Тезис о заместительном убийстве не имеет в себе ничего от литературной или субъективной экстраполяции; мне кажется, я это достаточно убедительно показал на антропологических текстах. Вот почему я не слушаю тех, кто обвиняет меня в высокомерии и претенциозности, но пытаюсь укрепить и усовершенствовать свою презентацию как системное целое, делая ее способной касаться всех без исключения культурологических тем. В «Насилии и священном» я не говорил о христианском тексте, поскольку там было достаточно только упомянуть его, чтобы у читателей сложилось впечатление, будто я занимаюсь апологетикой, причем исключительно ханжеской. Кстати, именно этот упрек мне постоянно делают по поводу и без повода. В наши дни само собой разумеется, что любой дискурс более или менее откровенно преследует идеологические или религиозные задачи. И самая очевидная из них - это, разумеется, интерес к евангельскому тексту, настаивание на его важности для нашей цивилизации.
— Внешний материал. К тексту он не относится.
theorem lemmaE3:
  fixes P :: "'w measure"
    and S Sstar :: "nat \<Rightarrow> real ^ 'd"
    and M :: nat
    and Y Ys :: "nat \<Rightarrow> 'w \<Rightarrow> real"
    and f rho2 alpha4 :: "real ^ 'd \<Rightarrow> real"
    and L BY C :: real
    and a :: "nat \<Rightarrow> real"
    and k :: "nat \<Rightarrow> nat"
    and nb :: "nat \<Rightarrow> nat \<Rightarrow> 'w \<Rightarrow> nat set"
    and z :: "nat \<Rightarrow> nat \<Rightarrow> 'w \<Rightarrow> nat"
  assumes P: "prob_space P"
    and dist_targets: "inj_on Sstar {1..M}"
    and dist_train: "inj_on S {1..}"
    and infill: "\<And>m U. m \<in> {1..M} \<Longrightarrow> open U \<Longrightarrow> Sstar m \<in> U \<Longrightarrow> infinite {n. n \<ge> 1 \<and> S n \<in> U}"
    (* (A2) *)
    and rvY: "\<And>n. n \<ge> 1 \<Longrightarrow> Y n \<in> borel_measurable P"
    and rvYs: "\<And>m. m \<in> {1..M} \<Longrightarrow> Ys m \<in> borel_measurable P"
    and intY: "\<And>n. n \<ge> 1 \<Longrightarrow> integrable P (Y n) \<and> integrable P (\<lambda>\<omega>. (Y n \<omega>)\<^sup>2)
                   \<and> integrable P (\<lambda>\<omega>. (Y n \<omega> - f (S n)) ^ 4)"
    and intYs: "\<And>m. m \<in> {1..M} \<Longrightarrow> integrable P (Ys m) \<and> integrable P (\<lambda>\<omega>. (Ys m \<omega>)\<^sup>2)
                   \<and> integrable P (\<lambda>\<omega>. (Ys m \<omega> - f (Sstar m)) ^ 4)"
    and meanY: "\<And>n. n \<ge> 1 \<Longrightarrow> prob_space.expectation P (Y n) = f (S n)"
    and meanYs: "\<And>m. m \<in> {1..M} \<Longrightarrow> prob_space.expectation P (Ys m) = f (Sstar m)"
    and indep: "prob_space.indep_vars P (\<lambda>_. borel) (case_sum Y Ys) (Inl ` {1..} \<union> Inr ` {1..M})"
    (* (A3) *)
    and A3: "L-lipschitz_on UNIV f"
    (* (A4) *)
    and rho_range: "\<And>s. 0 \<le> rho2 s \<and> rho2 s \<le> BY"
    and varY: "\<And>n. n \<ge> 1 \<Longrightarrow> prob_space.variance P (Y n) = rho2 (S n)"
    and varYs: "\<And>m. m \<in> {1..M} \<Longrightarrow> prob_space.variance P (Ys m) = rho2 (Sstar m)"
    (* (A5) *)
    and A5: "continuous_on UNIV rho2"
    (* (A6) *)
    and alpha_range: "\<And>s. 0 \<le> alpha4 s \<and> alpha4 s \<le> C"
    and m4Y: "\<And>n. n \<ge> 1 \<Longrightarrow> prob_space.expectation P (\<lambda>\<omega>. (Y n \<omega> - f (S n)) ^ 4) = alpha4 (S n)"
    and m4Ys: "\<And>m. m \<in> {1..M} \<Longrightarrow> prob_space.expectation P (\<lambda>\<omega>. (Ys m \<omega> - f (Sstar m)) ^ 4) = alpha4 (Sstar m)"
    (* adaptive number of neighbours *)
    and a_pos: "\<And>t. t \<ge> 1 \<Longrightarrow> a t > 0"
    and a_lim: "a \<longlonglongrightarrow> 0"
    and k1: "k 1 = 1"
    and kstep: "\<And>N. N \<ge> 1 \<Longrightarrow> k (Suc N) =
        (if Rdist S Sstar M (Suc N) (k N + 1) \<le> a (k N) then k N + 1 else k N)"
    (* nearest-neighbour sets, ties broken uniformly at random *)
    and nb_meas: "\<And>N m. nb N m \<in> measurable P (count_space UNIV)"
    and nb_valid: "\<And>N m \<omega>. N \<ge> 1 \<Longrightarrow> m \<in> {1..M} \<Longrightarrow> \<omega> \<in> space P \<Longrightarrow>
        nb N m \<omega> \<in> knn_sets S (Sstar m) N (k N)"
    and nb_unif: "\<And>N m A. N \<ge> 1 \<Longrightarrow> m \<in> {1..M} \<Longrightarrow> A \<in> knn_sets S (Sstar m) N (k N) \<Longrightarrow>
        measure P {\<omega> \<in> space P. nb N m \<omega> = A} = 1 / real (card (knn_sets S (Sstar m) N (k N)))"
    (* zeta^N(n): a nearest neighbour of S n among the other training points *)
    and z_meas: "\<And>N n. z N n \<in> measurable P (count_space UNIV)"
    and z_valid: "\<And>N n \<omega>. N \<ge> 2 \<Longrightarrow> n \<in> {1..N} \<Longrightarrow> \<omega> \<in> space P \<Longrightarrow> z N n \<omega> \<in> nn_idx S N n"
    (* tie-breaking is independent of the responses *)
    and tie_indep: "prob_space.indep_set P
        {(\<lambda>\<omega>. \<lambda>i\<in>Inl ` {1..} \<union> Inr ` {1..M}. case_sum Y Ys i \<omega>) -` E \<inter> space P | E.
           E \<in> sets (Pi\<^sub>M (Inl ` {1..} \<union> Inr ` {1..M}) (\<lambda>_. borel))}
        {(\<lambda>\<omega>. (\<lambda>N m. nb N m \<omega>, \<lambda>N n. z N n \<omega>)) -` F \<inter> space P | F.
           F \<in> sets (Pi\<^sub>M UNIV (\<lambda>N. Pi\<^sub>M UNIV (\<lambda>m. count_space UNIV)) \<Otimes>\<^sub>M
                      Pi\<^sub>M UNIV (\<lambda>N. Pi\<^sub>M UNIV (\<lambda>n. count_space UNIV)))}"
  shows "\<And>m m' \<epsilon>. m \<in> {1..M} \<Longrightarrow> m' \<in> {1..M} \<Longrightarrow> \<epsilon> > 0 \<Longrightarrow>
      (\<lambda>N. measure P {\<omega> \<in> space P.
          \<bar>kPLP k (\<lambda>N m. nb N m \<omega>) (\<lambda>N n. z N n \<omega>) (\<lambda>n. Y n \<omega>) N m m'
           - (if m = m' then prob_space.variance P (Ys m) else 0)\<bar> > \<epsilon>})
      \<longlonglongrightarrow> 0"
proof -
  fix m m' :: nat and \<epsilon> :: real
  assume m: "m \<in> {1..M}" and m': "m' \<in> {1..M}" and \<epsilon>: "\<epsilon> > 0"
  obtain K where K: "\<And>(X :: (real ^ 'd) set) y. finite X \<Longrightarrow> y \<notin> X \<Longrightarrow>
      (\<forall>x\<in>X. \<forall>x'\<in>X. x' \<noteq> x \<longrightarrow> dist x y \<le> dist x x') \<Longrightarrow> card X \<le> K"
    using nn_indegree_bounded by blast
  have "1 \<le> M" using m by simp
  interpret knn_estimator S Sstar M a k P Y Ys f rho2 alpha4 C L K nb z
    by (intro knn_estimator.intro adaptive_knn.intro training_responses.intro
        training_responses_axioms.intro knn_estimator_axioms.intro)
       (fact \<open>1 \<le> M\<close> P infill rvY intY meanY indep varY alpha_range m4Y a_pos a_lim k1 kstep K
         dist_targets dist_train A3 A5 nb_valid z_valid tie_indep)+
  show "(\<lambda>N. measure P {\<omega> \<in> space P.
      \<bar>kPLP k (\<lambda>N m. nb N m \<omega>) (\<lambda>N n. z N n \<omega>) (\<lambda>n. Y n \<omega>) N m m'
       - (if m = m' then prob_space.variance P (Ys m) else 0)\<bar> > \<epsilon>}) \<longlonglongrightarrow> 0"
    unfolding varYs[OF m] using estimate_tendsto[OF m m' \<epsilon>] by (simp only: estimate_def)
qed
В действительности, в «Насилии и священном» я только нерешительно представляю свой собственный интеллектуальный путь, который привел меня в конце концов к иудео-христианскому Писанию, но спустя долгое время после того, как я осознал важность механизма жертвоприношения. Этот путь долго оставался настолько враждебным к иудео-христианскому тексту, насколько этого требовала модернистская ортодоксия. Я решил, что лучший способ убедить читателя заключается в том, чтобы честно говорить о собственном опыте и представить его последовательные этапы в отдельных работах, посвятив одну из них священному насилию, а другую - иудео-христианству.
Г.Л.: Практика показала, что вы ошибались. Некоторые читатели надеются найти в вашей работе вселенский иезуитский заговор, а другие, что забавно, упрекают вас в том, что вы были недостаточно смелы, что не отважились занять честную позицию по отношению к христианскому тексту, что дали ему новое «гуманистическое» прочтение в стиле пресного «прогрессизма», который нас окружает.
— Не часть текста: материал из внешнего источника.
lemma fps_at_sum_mult: "fps_at_sum (f * g) = fps_at_sum f * fps_at_sum g"
proof (rule fps_ext, rule fps_ext)
  fix a b
  define F where "F i j = fps_nth (fps_nth (fps_at_sum f) i) j * fps_nth (fps_nth (fps_at_sum g) (a - i)) (b - j)" for i j
  define I where "I c = {i. i \<le> a \<and> i \<le> c \<and> c - i \<le> b}" for c
  have "fps_nth (fps_nth (fps_at_sum f * fps_at_sum g) a) b = (\<Sum>i = 0..a. \<Sum>j = 0..b. F i j)"
    by (simp add: fps_mult_nth fps_sum_nth F_def del: fps_at_sum_nth)
  also have "\<dots> = (\<Sum>(i, j) \<in> {0..a} \<times> {0..b}. F i j)"
    by (rule sum.cartesian_product)
  also have "\<dots> = (\<Sum>(c, i) \<in> (SIGMA c:{0..a + b}. I c). F i (c - i))"
    by (rule sum.reindex_bij_witness[of _ "\<lambda>(c, i). (i, c - i)" "\<lambda>(i, j). (i + j, i)"])
       (auto simp: I_def)
  also have "\<dots> = (\<Sum>c = 0..a + b. \<Sum>i \<in> I c. F i (c - i))"
    by (rule sum.Sigma[symmetric]) (auto simp: I_def)
  also have "\<dots> = (\<Sum>c = 0..a + b. fps_nth f c * fps_nth g (a + b - c) * of_nat ((a + b) choose a))"
  proof (rule sum.cong [OF refl])
    fix c assume "c \<in> {0..a + b}"
    then have "(\<Sum>i \<in> I c. F i (c - i))
        = (\<Sum>i \<in> I c. fps_nth f c * fps_nth g (a + b - c) * of_nat ((c choose i) * ((a + b - c) choose (a - i))))"
      by (intro sum.cong refl) (auto simp: F_def I_def mult_ac)
    also have "\<dots> = fps_nth f c * fps_nth g (a + b - c) * of_nat ((a + b) choose a)"
      using \<open>c \<in> {0..a + b}\<close>
      by (simp add: I_def vandermonde_bounded del: of_nat_mult flip: sum_distrib_left of_nat_sum)
    finally show "(\<Sum>i \<in> I c. F i (c - i)) = fps_nth f c * fps_nth g (a + b - c) * of_nat ((a + b) choose a)" .
  qed
  also have "\<dots> = fps_nth (fps_nth (fps_at_sum (f * g)) a) b"
    by (simp add: fps_mult_nth sum_distrib_left sum_distrib_right mult_ac)
  finally show "fps_nth (fps_nth (fps_at_sum (f * g)) a) b = fps_nth (fps_nth (fps_at_sum f * fps_at_sum g) a) b" ..
qed

lemma fps_at_sum_power: "fps_at_sum (f ^ N) = fps_at_sum f ^ N"
  by (induction N) (simp_all add: fps_at_sum_mult)

definition fps_increment :: "'a::comm_ring_1 fps \<Rightarrow> 'a fps fps" where
  "fps_increment f = fps_at_sum f - fps_const f"

lemma fps_increment_nth_0 [simp]: "fps_nth (fps_increment f) 0 = 0"
  by (simp add: fps_increment_def fps_eq_iff)

lemma fps_increment_nth:
  "a \<noteq> 0 \<Longrightarrow> fps_nth (fps_nth (fps_increment f) a) b = of_nat ((a + b) choose a) * fps_nth f (a + b)"
  by (simp add: fps_increment_def)

lemma fps_increment_const_mult:
  "fps_increment (fps_const c * f) = fps_const (fps_const c) * fps_increment f"
  by (simp add: fps_increment_def fps_at_sum_mult algebra_simps)

lemma fps_increment_diff_const: "fps_increment (f - fps_const c) = fps_increment f"
  by (simp add: fps_increment_def fps_at_sum_diff flip: fps_const_sub)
Р.Ж.: Из всех упреков этот последний кажется мне самым странным. Недоразумения неизбежны и несомненно предсказуемы. То, что они меня еще удивляют, доказывает, что мы по-прежнему остаемся наивными. Они делают исключительно ценной подлинную коммуникацию, когда она становится возможной. И это один из чувствительных моментов, без которых продолжение нашей работы было бы едва ли возможно.
Г.Л.: Ваша работа следует в направлении, которое противоречит не только некоторым, но буквально всем направлениям современной мысли, как христианским, так и антихристианским, как прогрессистским, так и реакционным. И при этом обвинение в склонности к сенсациям является очевидным абсурдом, поскольку в большинстве вопросов вы приходите к выводам, куда более конкретным и полным нюансов, нежели все псевдоэкстремисты наших дней, служащие подпорками друг для друга. Но труднее всего «стерпеть» то, что вы нам только что показали, - эксплицитное присутствие в самом центре Евангелия известной гипотезы, которую мы уже так долго пытались обосновать, не прибегая к ссылкам на евангельский текст.
Р.Ж.: Мне кажется, это означает, что все наши философские рассуждения и «науки о человеке», которые все больше отгораживались от иудео-христиапского Писания на протяжении столетий так называемого Нового времени и которые сегодня выглядят куда более далекими от него, нежели от мифов оджибве и тикопиа (и в некотором смысле это правда), при этом являются тем пространством, которое не только не отдаляется от иудео-христианских текстов, представляющихся этим наукам презренными и мерзкими, но в действительности приближается к этим текстам неким кружным путем, который до сих пор ему самому непонятен.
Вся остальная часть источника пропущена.